Combien de grossesses sont concernées ?

Les naissances de siamois sont rares. On estime qu'une grossesse sur 50 000 à 100 000 dans le monde est concernée. La plupart des embryons ne survivent pas jusqu'à la naissance, du fait des malformations qu'engendre le partage d'organes. 

Par ailleurs, la généralisation des échographies pré-natale à l'échelle mondiale entraîne de nombreuses interruptions volontaires de grossesse, surtout lorsque les chances de survie sont jugées trop faibles. Leur fréquence 

À noter : si l'on se fie à la littérature médicale, la majorité des enfants conjoints qui survivent sont des filles (75 % à 90 % selon les sources). Le premier cas de jumeaux siamois bien documenté est d'ailleurs celui des sœurs Chulkhurst, surnommées les demoiselles de Biddenden, au douzième siècle.
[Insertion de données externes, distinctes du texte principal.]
(* Let $m\ge2$ be an integer and let $1<p_1,\dots,p_m\le2$ with $\frac12\le\frac1{p_1}+\cdots+\frac1{p_m}\le1$. Let $E_1,\dots,E_m,F$ be Banach spaces. Then every $T\in\mathcal{L}^{multi}_{al,(p_1,\dots,p_m)}(E_1,\dots,E_m;F)$ has multi-type $(p_1,\dots,p_m)$, and $\|T\|_{\tau^{multi}_{p_1,\dots,p_m}}\le\|T\|_{\mathcal{L}^{multi}_{al,(p_1,\dots,p_m)}}$; that is, $\mathcal{L}^{multi}_{al,(p_1,\dots,p_m)}(E_1,\dots,E_m;F)\overset{1}{\hookrightarrow}\tau^{multi}_{p_1,\dots,p_m}(E_1,\dots,E_m;F)$.
   Context: $\ell_p(E)$ is the space of $p$-summable sequences with $\|(x_j)\|_p=(\sum\|x_j\|^p)^{1/p}$; $\ell_p^u(E)$ is the space of weakly $p$-summable sequences $(x_j)$ (with $\|(x_j)\|_{w,p}:=\sup_{\varphi\in B_{E'}}(\sum_j|\varphi(x_j)|^p)^{1/p}$) such that $\|(x_j)_{j\ge n}\|_{w,p}\to0$, normed by $\|\cdot\|_{w,p}$. $r_j$ is the $j$-th Rademacher function. $Rad(F;\mathbb{N}^m)$ is the space of $F$-valued $m$-indexed families $(y_{j_1,\dots,j_m})$ such that $\sum_{j_1,\dots,j_m=1}^{n_1,\dots,n_m}r_{j_1}(t_1)\cdots r_{j_m}(t_m)y_{j_1,\dots,j_m}$ converges in $L_2([0,1]^m;F)$, normed by $\left(\int_{[0,1]^m}\|\sum r_{j_1}(t_1)\cdots r_{j_m}(t_m)y_{j_1,\dots,j_m}\|^2dt\right)^{1/2}$. $\mathcal{L}^{multi}_{al,(p_1,\dots,p_m)}(E_1,\dots,E_m;F)$ (multiple almost $(p_1,\dots,p_m)$-summing operators) is the space of continuous $m$-linear $T$ with $(T(x^{(1)}_{j_1},\dots,x^{(m)}_{j_m}))_{j_1,\dots,j_m}\in Rad(F;\mathbb{N}^m)$ whenever $(x^{(i)}_j)_j\in\ell^u_{p_i}(E_i)$, normed by the operator norm of the induced continuous $m$-linear map $\ell^u_{p_1}(E_1)\times\cdots\times\ell^u_{p_m}(E_m)\to Rad(F;\mathbb{N}^m)$. $T$ has multi-type $(p_1,\dots,p_m)$ if there is $C>0$ with $\|(T(x^{(1)}_{j_1},\dots,x^{(m)}_{j_m}))_{j_1,\dots,j_m=1}^{n_1,\dots,n_m}\|_{Rad(F;\mathbb{N}^m)}\le C\prod_i\|(x^{(i)}_j)_{j=1}^{n_i}\|_{p_i}$ for all finite choices of vectors; $\tau^{multi}_{p_1,\dots,p_m}(E_1,\dots,E_m;F)$ is the space of such $T$ and $\|T\|_{\tau^{multi}_{p_1,\dots,p_m}}$ the infimum of such constants $C$. *)

theory Defs
  imports "HOL-Analysis.Analysis" "HOL-Probability.Probability"
begin

text \<open>Sequences are indexed from 0: the sequence (x_j) with j \<ge> 1 of the
paper is represented by x :: nat \<Rightarrow> 'e with x k = x_(k+1); accordingly the k-th term
is paired with the Rademacher function r_(k+1).
The Banach spaces E_1,...,E_m are closed linear subspaces E 0, ..., E (m-1) of a common
real Banach space of type 'e; F is a real Banach space of type 'f.
An m-linear map is a function T :: (nat \<Rightarrow> 'e) \<Rightarrow> 'f depending only on its first m
arguments.\<close>

definition rademacher :: "nat \<Rightarrow> real \<Rightarrow> real" where
  "rademacher j t = sgn (sin (2 ^ j * pi * t))"

definition unit_cube :: "nat \<Rightarrow> (nat \<Rightarrow> real) measure" where
  "unit_cube m = PiM {..<m} (\<lambda>_. restrict_space lborel {0..1::real})"

definition dual_ball :: "('e::real_normed_vector \<Rightarrow> real) set" where
  "dual_ball = {\<phi>. bounded_linear \<phi> \<and> onorm \<phi> \<le> 1}"

definition weakly_summable :: "real \<Rightarrow> (nat \<Rightarrow> 'e::real_normed_vector) \<Rightarrow> bool" where
  "weakly_summable p x \<longleftrightarrow>
     (\<forall>\<phi>. bounded_linear \<phi> \<longrightarrow> summable (\<lambda>j. \<bar>\<phi> (x j)\<bar> powr p)) \<and>
     bdd_above ((\<lambda>\<phi>. (\<Sum>j. \<bar>\<phi> (x j)\<bar> powr p) powr (1/p)) ` dual_ball)"

definition wnorm :: "real \<Rightarrow> (nat \<Rightarrow> 'e::real_normed_vector) \<Rightarrow> real" where
  "wnorm p x = (SUP \<phi>\<in>dual_ball. (\<Sum>j. \<bar>\<phi> (x j)\<bar> powr p) powr (1/p))"

definition ell_u :: "real \<Rightarrow> 'e::real_normed_vector set \<Rightarrow> (nat \<Rightarrow> 'e) \<Rightarrow> bool" where
  "ell_u p E x \<longleftrightarrow> (\<forall>j. x j \<in> E) \<and> weakly_summable p x \<and>
     (\<lambda>n. wnorm p (\<lambda>j. x (j + n))) \<longlonglongrightarrow> 0"

definition radsum :: "nat \<Rightarrow> ((nat \<Rightarrow> nat) \<Rightarrow> 'f::real_normed_vector) \<Rightarrow> (nat \<Rightarrow> nat)
    \<Rightarrow> (nat \<Rightarrow> real) \<Rightarrow> 'f" where
  "radsum m y n t = (\<Sum>j\<in>PiE {..<m} (\<lambda>i. {..<n i}).
      (\<Prod>i<m. rademacher (j i + 1) (t i)) *\<^sub>R y j)"

definition rad_fin :: "nat \<Rightarrow> ((nat \<Rightarrow> nat) \<Rightarrow> 'f::real_normed_vector) \<Rightarrow> (nat \<Rightarrow> nat) \<Rightarrow> real" where
  "rad_fin m y n = sqrt (integral\<^sup>L (unit_cube m) (\<lambda>t. (norm (radsum m y n t))\<^sup>2))"

definition rad_dist :: "nat \<Rightarrow> ((nat \<Rightarrow> nat) \<Rightarrow> 'f::real_normed_vector) \<Rightarrow> (nat \<Rightarrow> nat)
    \<Rightarrow> (nat \<Rightarrow> nat) \<Rightarrow> real" where
  "rad_dist m y n n' = sqrt (integral\<^sup>L (unit_cube m)
      (\<lambda>t. (norm (radsum m y n t - radsum m y n' t))\<^sup>2))"

text \<open>Membership in Rad(F;N^m): the partial sums converge in L_2([0,1]^m;F) as all
n_i \<rightarrow> \<infinity>; since L_2([0,1]^m;F) is complete (F Banach), this is the Cauchy condition.\<close>
definition in_rad :: "nat \<Rightarrow> ((nat \<Rightarrow> nat) \<Rightarrow> 'f::real_normed_vector) \<Rightarrow> bool" where
  "in_rad m y \<longleftrightarrow> (\<forall>\<epsilon>>0. \<exists>N. \<forall>n n'. (\<forall>i<m. N \<le> n i \<and> N \<le> n' i) \<longrightarrow> rad_dist m y n n' < \<epsilon>)"

text \<open>Norm in Rad(F;N^m): L_2 norm of the limit, i.e. limit of the norms of the partial sums
(evaluated along the cofinal diagonal n_1 = ... = n_m = N).\<close>
definition rad_norm :: "nat \<Rightarrow> ((nat \<Rightarrow> nat) \<Rightarrow> 'f::real_normed_vector) \<Rightarrow> real" where
  "rad_norm m y = lim (\<lambda>N. rad_fin m y (\<lambda>_. N))"

definition cont_multilinear ::
    "nat \<Rightarrow> (nat \<Rightarrow> 'e::real_normed_vector set) \<Rightarrow> ((nat \<Rightarrow> 'e) \<Rightarrow> 'f::real_normed_vector) \<Rightarrow> bool" where
  "cont_multilinear m E T \<longleftrightarrow>
     (\<forall>x y. (\<forall>i<m. x i = y i) \<longrightarrow> T x = T y) \<and>
     (\<forall>x i. i < m \<longrightarrow> (\<forall>k<m. x k \<in> E k) \<longrightarrow>
        (\<forall>u\<in>E i. \<forall>v\<in>E i. T (x(i := u + v)) = T (x(i := u)) + T (x(i := v))) \<and>
        (\<forall>u\<in>E i. \<forall>c. T (x(i := c *\<^sub>R u)) = c *\<^sub>R T (x(i := u)))) \<and>
     (\<exists>C. \<forall>x. (\<forall>i<m. x i \<in> E i) \<longrightarrow> norm (T x) \<le> C * (\<Prod>i<m. norm (x i)))"

text \<open>The m-indexed family (T(x^(1)_{j_1},...,x^(m)_{j_m})), with X i the sequence x^(i+1).\<close>
definition tfam :: "((nat \<Rightarrow> 'e) \<Rightarrow> 'f) \<Rightarrow> (nat \<Rightarrow> nat \<Rightarrow> 'e) \<Rightarrow> (nat \<Rightarrow> nat) \<Rightarrow> 'f" where
  "tfam T X = (\<lambda>j. T (\<lambda>i. X i (j i)))"

definition multi_almost_summing ::
    "nat \<Rightarrow> (nat \<Rightarrow> real) \<Rightarrow> (nat \<Rightarrow> 'e::real_normed_vector set) \<Rightarrow> ((nat \<Rightarrow> 'e) \<Rightarrow> 'f::real_normed_vector) \<Rightarrow> bool" where
  "multi_almost_summing m p E T \<longleftrightarrow> cont_multilinear m E T \<and>
     (\<forall>X. (\<forall>i<m. ell_u (p i) (E i) (X i)) \<longrightarrow> in_rad m (tfam T X)) \<and>
     (\<exists>C. \<forall>X. (\<forall>i<m. ell_u (p i) (E i) (X i)) \<longrightarrow>
        rad_norm m (tfam T X) \<le> C * (\<Prod>i<m. wnorm (p i) (X i)))"

definition al_norm ::
    "nat \<Rightarrow> (nat \<Rightarrow> real) \<Rightarrow> (nat \<Rightarrow> 'e::real_normed_vector set) \<Rightarrow> ((nat \<Rightarrow> 'e) \<Rightarrow> 'f::real_normed_vector) \<Rightarrow> real" where
  "al_norm m p E T = Sup {rad_norm m (tfam T X) | X.
      \<forall>i<m. ell_u (p i) (E i) (X i) \<and> wnorm (p i) (X i) \<le> 1}"

definition multi_type_const ::
    "nat \<Rightarrow> (nat \<Rightarrow> real) \<Rightarrow> (nat \<Rightarrow> 'e::real_normed_vector set) \<Rightarrow> ((nat \<Rightarrow> 'e) \<Rightarrow> 'f::real_normed_vector) \<Rightarrow> real \<Rightarrow> bool" where
  "multi_type_const m p E T C \<longleftrightarrow> C > 0 \<and>
     (\<forall>n X. (\<forall>i<m. \<forall>j<n i. X i j \<in> E i) \<longrightarrow>
        rad_fin m (tfam T X) n \<le> C * (\<Prod>i<m. (\<Sum>j<n i. norm (X i j) powr p i) powr (1 / p i)))"

definition has_multi_type ::
    "nat \<Rightarrow> (nat \<Rightarrow> real) \<Rightarrow> (nat \<Rightarrow> 'e::real_normed_vector set) \<Rightarrow> ((nat \<Rightarrow> 'e) \<Rightarrow> 'f::real_normed_vector) \<Rightarrow> bool" where
  "has_multi_type m p E T \<longleftrightarrow> (\<exists>C. multi_type_const m p E T C)"

definition tau_norm ::
    "nat \<Rightarrow> (nat \<Rightarrow> real) \<Rightarrow> (nat \<Rightarrow> 'e::real_normed_vector set) \<Rightarrow> ((nat \<Rightarrow> 'e) \<Rightarrow> 'f::real_normed_vector) \<Rightarrow> real" where
  "tau_norm m p E T = Inf {C. multi_type_const m p E T C}"

end

theory Submission
  imports Defs
begin

text \<open>Since \<open>\<bar>\<phi> x\<bar> \<le> \<parallel>x\<parallel>\<close> on the dual ball, the weak \<open>p\<close>-norm of a finitely supported sequence is at
most its \<open>\<ell>_p\<close>-norm. Given finite families \<open>x^(i)\<close> with \<open>\<ell>_p\<close>-norms \<open>s_i\<close>, scale them by
\<open>1/(s_i + \<epsilon>)\<close> and extend them by zeros: the results lie in \<open>\<ell>_p\<^sup>u(E_i)\<close> with weak norm at most 1,
and the Rademacher norm of a finitely supported family is its finite Rademacher average.
Multilinearity then gives the type inequality with constant \<open>\<parallel>T\<parallel>_al\<close> up to the factor
\<open>\<Prod>(s_i + \<epsilon>)\<close>, and \<open>\<epsilon> \<rightarrow> 0\<close> finishes the proof.\<close>

lemma zero_in_dual_ball: "(\<lambda>_. 0) \<in> dual_ball"
  by (simp add: dual_ball_def onorm_zero)

lemma dual_ball_abs_le_norm:
  assumes "\<phi> \<in> dual_ball"
  shows "\<bar>\<phi> v\<bar> \<le> norm v"
proof -
  have lin: "bounded_linear \<phi>" and le1: "onorm \<phi> \<le> 1"
    using assms by (auto simp: dual_ball_def)
  have "norm (\<phi> v) \<le> onorm \<phi> * norm v" by (rule onorm[OF lin])
  also have "\<dots> \<le> norm v" using le1 by (intro mult_left_le_one_le) (auto simp: onorm_pos_le[OF lin])
  finally show ?thesis by simp
qed

lemma dual_ball_sum_le_finite_support:
  assumes "\<forall>j\<ge>N. y j = 0" "p > 0" "\<phi> \<in> dual_ball"
  shows "(\<Sum>j. \<bar>\<phi> (y j)\<bar> powr p) powr (1/p) \<le> (\<Sum>j<N. norm (y j) powr p) powr (1/p)"
proof -
  have "linear \<phi>" using assms(3) by (auto simp: dual_ball_def bounded_linear.linear)
  then have finite_sum: "(\<Sum>j. \<bar>\<phi> (y j)\<bar> powr p) = (\<Sum>j<N. \<bar>\<phi> (y j)\<bar> powr p)"
    using assms(1) by (intro suminf_finite) (auto simp: linear_0)
  also have "\<dots> \<le> (\<Sum>j<N. norm (y j) powr p)"
    using assms by (intro sum_mono powr_mono2) (auto simp: dual_ball_abs_le_norm)
  finally show ?thesis by (intro powr_mono2) (use assms finite_sum in \<open>auto intro: sum_nonneg\<close>)
qed

lemma wnorm_le_finite_support:
  assumes "\<forall>j\<ge>N. y j = 0" "p > 0"
  shows "wnorm p y \<le> (\<Sum>j<N. norm (y j) powr p) powr (1/p)"
  unfolding wnorm_def
  using zero_in_dual_ball dual_ball_sum_le_finite_support[OF assms] by (auto intro: cSUP_least)

lemma wnorm_zero [simp]: "wnorm p (\<lambda>_. 0::'a::real_normed_vector) = 0"
proof -
  have "wnorm p (\<lambda>_. 0::'a) = (SUP \<phi>\<in>(dual_ball :: ('a \<Rightarrow> real) set). 0)"
    unfolding wnorm_def
    by (rule SUP_cong) (auto simp: dual_ball_def linear_0 bounded_linear.linear)
  also have "\<dots> = 0" using zero_in_dual_ball by (auto intro: cSUP_const)
  finally show ?thesis .
qed

lemma wnorm_nonneg: "weakly_summable p x \<Longrightarrow> wnorm p x \<ge> 0"
  unfolding wnorm_def
  by (rule cSUP_upper2[OF _ zero_in_dual_ball]) (auto simp: weakly_summable_def)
Eliza et Mary étaient unies par l’épaule et la hanche. Elles ont vécu pendant 34 ans et sont mortes à six heures d’intervalle.

 

Quelle est la cause des jumeaux et jumelles siamois(e) ?

Personne ne sait aujourd'hui expliquer pourquoi la division cellulaire ne s'effectue pas toujours entièrement. L’hypothèse la plus explorée mentionne une fusion entre l'ovule et le spermatozoïde qui, en conséquence, entraîne le retard de la division du disque embryonnaire pendant les premières semaines de vie.

Peuvent-ils être séparés ? Comment se passe la séparation ?

La séparation de jumeaux siamois est possible, mais pas systématique. Trois scénarios sont envisageables : une séparation chirurgicale imminente (très tôt après la naissance), une séparation chirurgicale retardée (quelques années après la naissance), ou aucune séparation.

La toute première intervention chirurgicale de bébés siamois a été réalisée avec succès par Johannes Fatio au dix-septième siècle, à Bâle en Suisse. Il s'agissait de jumeaux fusionnés par l’ombilic. Le médecin a ligaturé de façon séparée les vaisseaux ombilicaux et ensuite le pont qui reliait les deux jumeaux, afin de le sectionner. Après que les ligatures fussent tombées le neuvième jour, les deux enfants ont survécu. Ce cas fut répertorié en 1689 par Emanuel König. 

Chaque opération est précédée de nombreux examens permettant de déterminer les organes complets, partiels ou manquants chez chacun. Pour pouvoir séparer des siamois, il faut effectivement qu'ils soient en bonne santé, mais aussi que leurs organes essentiels soient présents en double et que leurs organes en commun soient divisibles. Il s'agit d'une opération très délicate, tant sur le plan technique que sur le plan étique. C'est pourquoi il convient de bien évaluer le rapport bénéfices / risques au sein d'équipes pluridisciplinaires, en concertation avec les parents. Il s'agit toujours d'opérations difficiles, lourdes, longues et risquées. 

Dans certains cas, les enfants sont séparés pour permettre la survie d'un seul d'entre eux, l'autre étant considéré comme trop faible pour survivre, ou mourant.